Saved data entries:
(* Let $q\ge2$ and let $U$ be a $q\times q$ row-stochastic matrix with strictly positive entries. There is a constant $C_3$ independent of $n$ such that for all sufficiently large $n$, every $\mathbf{x}\in[1:q]^n$ and every $a\ne b\in[1:q]$, $$d_{\mathrm{TV}}\big(W_{(\mathbf{x},a)},W_{(\mathbf{x},b)}\big)\le\frac{C_3(\log n)^{(q-2)/2}}{\sqrt n}.$$
   Context: For a vector $\mathbf{x}\in[1:q]^m$, $W_{\mathbf{x}}$ denotes the distribution of the composition $(N(1|\mathbf{Y}),\dots,N(q|\mathbf{Y}))$, $N(c|\mathbf{Y})=|\{i:Y_i=c\}|$, of the output $\mathbf{Y}$ when $\mathbf{x}$ is sent through $m$ independent uses of the DMC $U$ (i.e. $\Pr[\mathbf{Y}=\mathbf{y}]=\prod_iU(y_i|x_i)$). $(\mathbf{x},a)\in[1:q]^{n+1}$ denotes $\mathbf{x}$ with the symbol $a$ appended. $d_{\mathrm{TV}}(P,Q)=\frac12\sum|P-Q|$. Logarithms base 2. *)

theory Defs
  imports Complex_Main
begin

text \<open>A channel U is a function U :: nat => nat => real,
  U i j = U(j|i) = probability of output j given input i (row-stochastic matrix).\<close>

definition words :: "nat \<Rightarrow> nat \<Rightarrow> nat list set" where
  "words q m = {ys. length ys = m \<and> set ys \<subseteq> {1..q}}"

definition composition :: "nat list \<Rightarrow> nat \<Rightarrow> nat" where
  "composition ys = (\<lambda>c. length (filter (\<lambda>y. y = c) ys))"

definition out_prob :: "(nat \<Rightarrow> nat \<Rightarrow> real) \<Rightarrow> nat list \<Rightarrow> nat list \<Rightarrow> real" where
  "out_prob U xs ys = (\<Prod>i<length xs. U (xs ! i) (ys ! i))"

definition W :: "nat \<Rightarrow> (nat \<Rightarrow> nat \<Rightarrow> real) \<Rightarrow> nat list \<Rightarrow> (nat \<Rightarrow> nat) \<Rightarrow> real" where
  "W q U xs c = (\<Sum>ys\<in>{ys \<in> words q (length xs). composition ys = c}. out_prob U xs ys)"

text \<open>Total variation distance between W_xs and W_xs' (inputs of equal length m);
  the sum ranges over all possible compositions of length-m output words.\<close>
definition dTV_W :: "nat \<Rightarrow> (nat \<Rightarrow> nat \<Rightarrow> real) \<Rightarrow> nat list \<Rightarrow> nat list \<Rightarrow> real" where
  "dTV_W q U xs xs' = 1/2 * (\<Sum>c\<in>composition ` words q (length xs). \<bar>W q U xs c - W q U xs' c\<bar>)"

end

theory Submission
  imports Defs "HOL-Analysis.Convex"
begin

text \<open>View a distribution of compositions as a finitely supported function on \<open>nat \<Rightarrow> nat\<close>,
  and let \<open>t c\<close> (\<open>translate c\<close> below) shift it by the unit vector \<open>e c\<close>. Appending the
  input symbol \<open>a\<close> applies the mixture \<open>\<Sum>y. U a y \<cdot> t y\<close> (\<open>mix\<close>), and all such operators
  commute. As the rows of \<open>U\<close> sum to 1, \<open>W (x @ [a]) - W (x @ [b])\<close> is a combination of the
  differences \<open>(t y - t 1) (W x)\<close> with total weight at most 2, so it suffices to bound
  \<open>\<parallel>(t i - t j) (W x)\<parallel>\<^sub>1\<close> for \<open>i \<noteq> j\<close>.

  If \<open>d\<close> is the least entry of \<open>U\<close>, every row splits as \<open>d (t i + t j) + R a\<close> with \<open>R a\<close> a
  nonnegative mixture of total weight \<open>1 - 2d\<close>. Expanding the product over the \<open>n\<close> symbols of
  \<open>x\<close> bounds \<open>\<parallel>(t i - t j) (W x)\<parallel>\<^sub>1\<close> by the expectation of
  \<open>\<parallel>(t i + t j)^L (t i - t j) \<delta>\<^sub>0\<parallel>\<^sub>1 / 2^L\<close> for \<open>L ~ Bin(n, 2d)\<close>. That norm is
  \<open>\<Sum>k. \<bar>C(l, k - 1) - C(l, k)\<bar> \<le> 2^(l+1) / \<surd>(l+1)\<close>, a mean absolute deviation of a symmetric
  binomial, and Cauchy-Schwarz gives \<open>E (1 / \<surd>(L+1)) \<le> 1 / \<surd>((n+1) 2d)\<close>. So the distance is
  \<open>O(1 / \<surd>n)\<close>.\<close>

definition fin_supp :: "('a \<Rightarrow> real) \<Rightarrow> bool" where
  "fin_supp f \<longleftrightarrow> finite {x. f x \<noteq> 0}"

definition l1_norm :: "('a \<Rightarrow> real) \<Rightarrow> real" where
  "l1_norm f = (\<Sum>x | f x \<noteq> 0. \<bar>f x\<bar>)"

lemma l1_norm_eq_sum:
  assumes "finite A" "\<And>x. x \<notin> A \<Longrightarrow> f x = 0"
  shows "l1_norm f = (\<Sum>x\<in>A. \<bar>f x\<bar>)"
  unfolding l1_norm_def by (rule sum.mono_neutral_left) (use assms in auto)

lemma l1_norm_nonneg: "l1_norm f \<ge> 0"
  unfolding l1_norm_def by (simp add: sum_nonneg)

lemma l1_norm_zero [simp]: "l1_norm (\<lambda>x. 0) = 0"
  unfolding l1_norm_def by simp

lemma l1_norm_scale: "l1_norm (\<lambda>x. k * f x) = \<bar>k\<bar> * l1_norm f"
proof (cases "k = 0")
  case False
  then have "{x. k * f x \<noteq> 0} = {x. f x \<noteq> 0}" by auto
  then show ?thesis unfolding l1_norm_def by (simp add: sum_distrib_left abs_mult)
qed simp

lemma fin_supp_add: "fin_supp f \<Longrightarrow> fin_supp g \<Longrightarrow> fin_supp (\<lambda>x. f x + g x)"
  unfolding fin_supp_def by (rule finite_subset[of _ "{x. f x \<noteq> 0} \<union> {x. g x \<noteq> 0}"]) auto

lemma fin_supp_scale: "fin_supp f \<Longrightarrow> fin_supp (\<lambda>x. k * f x)"
  unfolding fin_supp_def by (rule finite_subset[of _ "{x. f x \<noteq> 0}"]) auto

lemma fin_supp_sum:
  "finite I \<Longrightarrow> (\<And>i. i \<in> I \<Longrightarrow> fin_supp (F i)) \<Longrightarrow> fin_supp (\<lambda>x. \<Sum>i\<in>I. F i x)"
proof (induction I rule: finite_induct)
  case empty
  then show ?case by (simp add: fin_supp_def)
next
  case (insert a I)
  then show ?case using fin_supp_add[of "F a" "\<lambda>x. \<Sum>i\<in>I. F i x"] by simp
qed

lemma l1_norm_add_le:
  assumes "fin_supp f" "fin_supp g"
  shows "l1_norm (\<lambda>x. f x + g x) \<le> l1_norm f + l1_norm g"
proof -
  let ?S = "{x. f x \<noteq> 0} \<union> {x. g x \<noteq> 0}"
  have fin: "finite ?S" using assms by (auto simp: fin_supp_def)
  have "l1_norm (\<lambda>x. f x + g x) = (\<Sum>x\<in>?S. \<bar>f x + g x\<bar>)"
    by (rule l1_norm_eq_sum[OF fin]) auto
  also have "\<dots> \<le> (\<Sum>x\<in>?S. \<bar>f x\<bar>) + (\<Sum>x\<in>?S. \<bar>g x\<bar>)"
    unfolding sum.distrib[symmetric] by (rule sum_mono) (rule abs_triangle_ineq)
  also have "\<dots> = l1_norm f + l1_norm g"
    using l1_norm_eq_sum[OF fin, of f] l1_norm_eq_sum[OF fin, of g] by simp
  finally show ?thesis .
qed

lemma l1_norm_sum_le:
  "finite I \<Longrightarrow> (\<And>i. i \<in> I \<Longrightarrow> fin_supp (F i)) \<Longrightarrow>
    l1_norm (\<lambda>x. \<Sum>i\<in>I. F i x) \<le> (\<Sum>i\<in>I. l1_norm (F i))"
proof (induction I rule: finite_induct)
  case (insert a I)
  then have "l1_norm (\<lambda>x. \<Sum>i\<in>insert a I. F i x) \<le> l1_norm (F a) + l1_norm (\<lambda>x. \<Sum>i\<in>I. F i x)"
    using l1_norm_add_le[of "F a" "\<lambda>x. \<Sum>i\<in>I. F i x"] fin_supp_sum[of I F] by simp
  with insert show ?case by simp
qed simp

definition translate :: "'a \<Rightarrow> (('a \<Rightarrow> nat) \<Rightarrow> real) \<Rightarrow> ('a \<Rightarrow> nat) \<Rightarrow> real" where
  "translate c f = (\<lambda>x. if 0 < x c then f (x(c := x c - 1)) else 0)"

definition delta0 :: "('a \<Rightarrow> nat) \<Rightarrow> real" where
  "delta0 x = (if x = (\<lambda>_. 0) then 1 else 0)"

lemma fin_supp_delta0: "fin_supp delta0"
  unfolding fin_supp_def delta0_def by (rule finite_subset[of _ "{\<lambda>_. 0}"]) auto

lemma l1_norm_delta0: "l1_norm delta0 = 1"
  by (subst l1_norm_eq_sum[of "{\<lambda>_. 0}"]) (auto simp: delta0_def)

lemma support_translate:
  "{x. translate c f x \<noteq> 0} = (\<lambda>y. y(c := Suc (y c))) ` {x. f x \<noteq> 0}"
proof (intro set_eqI iffI)
  fix x assume "x \<in> {x. translate c f x \<noteq> 0}"
  then have "0 < x c" "f (x(c := x c - 1)) \<noteq> 0" by (auto simp: translate_def split: if_splits)
  moreover have "x = (x(c := x c - 1))(c := Suc ((x(c := x c - 1)) c))" using \<open>0 < x c\<close> by auto
  ultimately show "x \<in> (\<lambda>y. y(c := Suc (y c))) ` {x. f x \<noteq> 0}" by blast
qed (auto simp: translate_def)

lemma inj_fun_upd_Suc: "inj (\<lambda>y :: 'a \<Rightarrow> nat. y(c := Suc (y c)))"
  unfolding inj_def fun_eq_iff by (metis fun_upd_apply nat.inject)

lemma l1_norm_translate: "l1_norm (translate c f) = l1_norm f"
proof -
  have "l1_norm (translate c f) = (\<Sum>y | f y \<noteq> 0. \<bar>translate c f (y(c := Suc (y c)))\<bar>)"
    unfolding l1_norm_def support_translate
    by (rule sum.reindex[OF inj_on_subset[OF inj_fun_upd_Suc subset_UNIV], unfolded comp_def])
  also have "\<dots> = l1_norm f" unfolding l1_norm_def by (rule sum.cong) (auto simp: translate_def)
  finally show ?thesis .
qed

lemma fin_supp_translate: "fin_supp f \<Longrightarrow> fin_supp (translate c f)"
  unfolding fin_supp_def support_translate by simp

lemma translate_commute: "translate c (translate d f) = translate d (translate c f)"
  unfolding translate_def by (cases "c = d") (auto simp: fun_eq_iff fun_upd_twist)

lemma translate_add: "translate c (\<lambda>x. f x + g x) = (\<lambda>x. translate c f x + translate c g x)"
  unfolding translate_def by auto

lemma translate_diff: "translate c (\<lambda>x. f x - g x) = (\<lambda>x. translate c f x - translate c g x)"
  unfolding translate_def by auto

lemma translate_sum: "translate c (\<lambda>x. \<Sum>i\<in>I. F i x) = (\<lambda>x. \<Sum>i\<in>I. translate c (F i) x)"
  unfolding translate_def by auto

lemma translate_scale: "translate c (\<lambda>x. k * f x) = (\<lambda>x. k * translate c f x)"
  unfolding translate_def by auto

lemma l1_norm_funpow_translate: "l1_norm ((translate c ^^ k) f) = l1_norm f"
  by (induction k) (auto simp: l1_norm_translate)

lemma fin_supp_funpow_translate: "fin_supp f \<Longrightarrow> fin_supp ((translate c ^^ k) f)"
  by (induction k) (auto simp: fin_supp_translate)

lemma translate_funpow_commute: "translate d ((translate c ^^ k) f) = (translate c ^^ k) (translate d f)"
  by (induction k) (auto simp: translate_commute)

definition mix :: "'a set \<Rightarrow> ('a \<Rightarrow> real) \<Rightarrow> (('a \<Rightarrow> nat) \<Rightarrow> real) \<Rightarrow> ('a \<Rightarrow> nat) \<Rightarrow> real" where
  "mix Y w f = (\<lambda>x. \<Sum>y\<in>Y. w y * translate y f x)"

lemma fin_supp_mix: "finite Y \<Longrightarrow> fin_supp f \<Longrightarrow> fin_supp (mix Y w f)"
  unfolding mix_def by (intro fin_supp_sum fin_supp_scale fin_supp_translate)
lemma Ck_on_lam: "Ck_on k (regular_set h) (lam f h)"
proof (rule Ck_on_linear_solution[OF open_regular_set linear_gram])
  show "Ck_on k (regular_set h) (\<lambda>z. \<Sum>i\<in>Basis. Dif f z i *\<^sub>R Dif h z i)"
    by (intro Ck_on_sum Ck_on_scaleR smooth_imp_Ck_on_Dif smooth_f smooth_h open_regular_set) auto
  show "gram h z (lam f h z) = (\<Sum>i\<in>Basis. Dif f z i *\<^sub>R Dif h z i)" if "z \<in> regular_set h" for z
    using gram_lam[OF that] linear_Dif_h[of z]
    by (simp add: grad_eq_of_has_derivative(1)[OF smooth_has_derivative[OF smooth_f]] linear_sum
        linear_scale)
  show "Ck_on k (regular_set h) (\<lambda>z. gram h z b)" for b
    by (rule Ck_on_gram[OF open_regular_set])
qed (simp add: regular_set_def)

lemma gfun_eq: "gfun f h \<beta> = (\<lambda>z. f z - h z \<bullet> lam f h z + \<beta> * (h z \<bullet> h z))"
  unfolding gfun_def by (simp add: power2_norm_eq_inner)

lemma Ck_on_gfun: "Ck_on k (regular_set h) (gfun f h \<beta>)"
  unfolding gfun_eq
  by (intro Ck_on_add Ck_on_diff Ck_on_mult Ck_on_inner Ck_on_const smooth_imp_Ck_on smooth_f smooth_h
      Ck_on_lam open_regular_set)

lemma has_derivative_gfun:
  assumes "z \<in> regular_set h"
  shows "(gfun f h \<beta> has_derivative (\<lambda>v. v \<bullet> grad (gfun f h \<beta>) z)) (at z)"
proof -
  have d: "(gfun f h \<beta> has_derivative Dif (gfun f h \<beta>) z) (at z)"
    using Ck_on_has_derivative[OF Ck_on_gfun[of "Suc 0"] assms] .
  moreover have "Dif (gfun f h \<beta>) z = (\<lambda>v. v \<bullet> grad (gfun f h \<beta>) z)"
    using grad_eq_of_has_derivative(2)[OF d] by blast
  ultimately show ?thesis by simp
qed

lemma Ck_on_grad_gfun: "Ck_on k (regular_set h) (grad (gfun f h \<beta>))"
proof (rule Ck_on_cong[OF open_regular_set])
  show "Ck_on k (regular_set h) (\<lambda>z. \<Sum>i\<in>Basis. Dif (gfun f h \<beta>) z i *\<^sub>R i)"
    using Ck_on_gfun[of "Suc k"] by (intro Ck_on_sum Ck_on_scaleR Ck_on_const open_regular_set) auto
  show "(\<Sum>i\<in>Basis. Dif (gfun f h \<beta>) z i *\<^sub>R i) = grad (gfun f h \<beta>) z"
    if "z \<in> regular_set h" for z
    using grad_eq_of_has_derivative(1)[OF Ck_on_has_derivative[OF Ck_on_gfun[of "Suc 0"] that]]
    by simp
qed

lemma grad_gfun:
  assumes z: "z \<in> regular_set h"
  shows "grad (gfun f h \<beta>) z = grad f z - adjoint (Dif h z) (lam f h z)
    - adjoint (Dif (lam f h) z) (h z) + (2 * \<beta>) *\<^sub>R adjoint (Dif h z) (h z)"
proof -
  have dlam: "(lam f h has_derivative Dif (lam f h) z) (at z)"
    using Ck_on_has_derivative[OF Ck_on_lam[of "Suc 0"] z] .
  have "(gfun f h \<beta> has_derivative (\<lambda>v. Dif f z v - (h z \<bullet> Dif (lam f h) z v + Dif h z v \<bullet> lam f h z)
      + \<beta> * (h z \<bullet> Dif h z v + Dif h z v \<bullet> h z))) (at z)"
    unfolding gfun_eq
    by (intro has_derivative_add has_derivative_diff has_derivative_inner has_derivative_mult_right
        smooth_has_derivative[OF smooth_f] smooth_has_derivative[OF smooth_h] dlam)
  from has_derivative_unique[OF has_derivative_gfun[OF z] this]
  have "v \<bullet> grad (gfun f h \<beta>) z = v \<bullet> (grad f z - adjoint (Dif h z) (lam f h z)
      - adjoint (Dif (lam f h) z) (h z) + (2 * \<beta>) *\<^sub>R adjoint (Dif h z) (h z))" for v
    using adjoint_works[OF linear_Dif_h] adjoint_works[OF has_derivative_linear[OF dlam]]
    by (simp add: fun_eq_iff Dif_f_eq_inner_grad inner_diff_right inner_add_right inner_commute
        algebra_simps)
  then show ?thesis using vector_eq_ldot by blast
qed

lemma Dif_h_grad_gfun:
  assumes z: "z \<in> regular_set h"
  shows "Dif h z (grad (gfun f h \<beta>) z)
    = (2 * \<beta>) *\<^sub>R gram h z (h z) - Dif h z (adjoint (Dif (lam f h) z) (h z))"
  using gram_lam[OF z] linear_Dif_h[of z]
  by (simp add: grad_gfun[OF z] gram_eq_Dif_adjoint[OF linear_Dif_h] linear_add linear_diff linear_scale)

end

section \<open>Estimates for one gradient step\<close>

text \<open>Linearising \<open>H\<close> at \<open>x\<close>, the step \<open>-t G\<close> splits into the contraction
  \<open>(I - 2 \<beta> t L L\<^sup>*) (H x)\<close>, the perturbation \<open>t L p\<close> and the Taylor remainder.\<close>
lemma norm_after_gradient_step_le:
  fixes L :: "'a::euclidean_space \<Rightarrow> 'b::euclidean_space"
  assumes lin: "linear L" and sig: "sigma_min L > 0"
    and taylor: "\<And>v. norm (H (x + v) - H x - L v) \<le> Ch * (norm v)^2"
    and LG: "L G = (2 * \<beta>) *\<^sub>R L (adjoint L (H x)) - L p"
    and p: "norm p \<le> Cl * norm (H x)"
    and t: "t \<ge> 0" and \<beta>: "\<beta> \<ge> 0" and step: "2 * \<beta> * t * (onorm L)^2 \<le> 1"
  shows "norm (H (x - t *\<^sub>R G))
    \<le> (1 - t * (2 * \<beta> * (sigma_min L)^2 - sigma_max L * Cl)) * norm (H x) + Ch * t^2 * (norm G)^2"
proof -
  define c where "c = 2 * \<beta> * t"
  define E where "E = H (x + - (t *\<^sub>R G)) - H x - L (- (t *\<^sub>R G))"
  have "L (- (t *\<^sub>R G)) = t *\<^sub>R L p - c *\<^sub>R L (adjoint L (H x))"
    unfolding linear_neg[OF lin] linear_scale[OF lin] LG by (simp add: c_def algebra_simps)
  then have split: "H (x - t *\<^sub>R G) = (H x - c *\<^sub>R L (adjoint L (H x))) + t *\<^sub>R L p + E"
    unfolding E_def by simp
  have "norm (H x - c *\<^sub>R L (adjoint L (H x))) \<le> (1 - c * (sigma_min L)^2) * norm (H x)"
    using sig \<beta> t step
    by (intro norm_diff_scaleR_adjoint_le[OF lin sigma_min_le_norm_adjoint[OF lin sig]])
      (auto simp: c_def)
  moreover have "norm (t *\<^sub>R L p) \<le> t * (sigma_max L * Cl) * norm (H x)"
  proof -
    have "norm (L p) \<le> sigma_max L * norm p" by (rule norm_le_sigma_max[OF lin])
    also have "\<dots> \<le> sigma_max L * (Cl * norm (H x))"
      using p sigma_max_nonneg[OF lin] by (rule mult_left_mono)
    finally show ?thesis using t by (simp add: mult_left_mono mult.assoc)
  qed
  moreover have "norm E \<le> Ch * t^2 * (norm G)^2"
    using taylor[of "- (t *\<^sub>R G)"] t unfolding E_def by (simp add: power_mult_distrib)
  ultimately have "norm (H (x - t *\<^sub>R G))
      \<le> (1 - c * (sigma_min L)^2) * norm (H x) + t * (sigma_max L * Cl) * norm (H x)
        + Ch * t^2 * (norm G)^2"
    unfolding split
    using norm_triangle_ineq[of "H x - c *\<^sub>R L (adjoint L (H x)) + t *\<^sub>R L p" E]
      norm_triangle_ineq[of "H x - c *\<^sub>R L (adjoint L (H x))" "t *\<^sub>R L p"] by linarith
  then show ?thesis by (simp add: c_def algebra_simps)
qed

What you will do ::
Go through the data above and return each line containing the string "union".

Output ::
  unfolding fin_supp_def by (rule finite_subset[of _ "{x. f x \<noteq> 0} \<union> {x. g x \<noteq> 0}"]) auto
  let ?S = "{x. f x \<noteq> 0} \<union> {x. g x \<noteq> 0}"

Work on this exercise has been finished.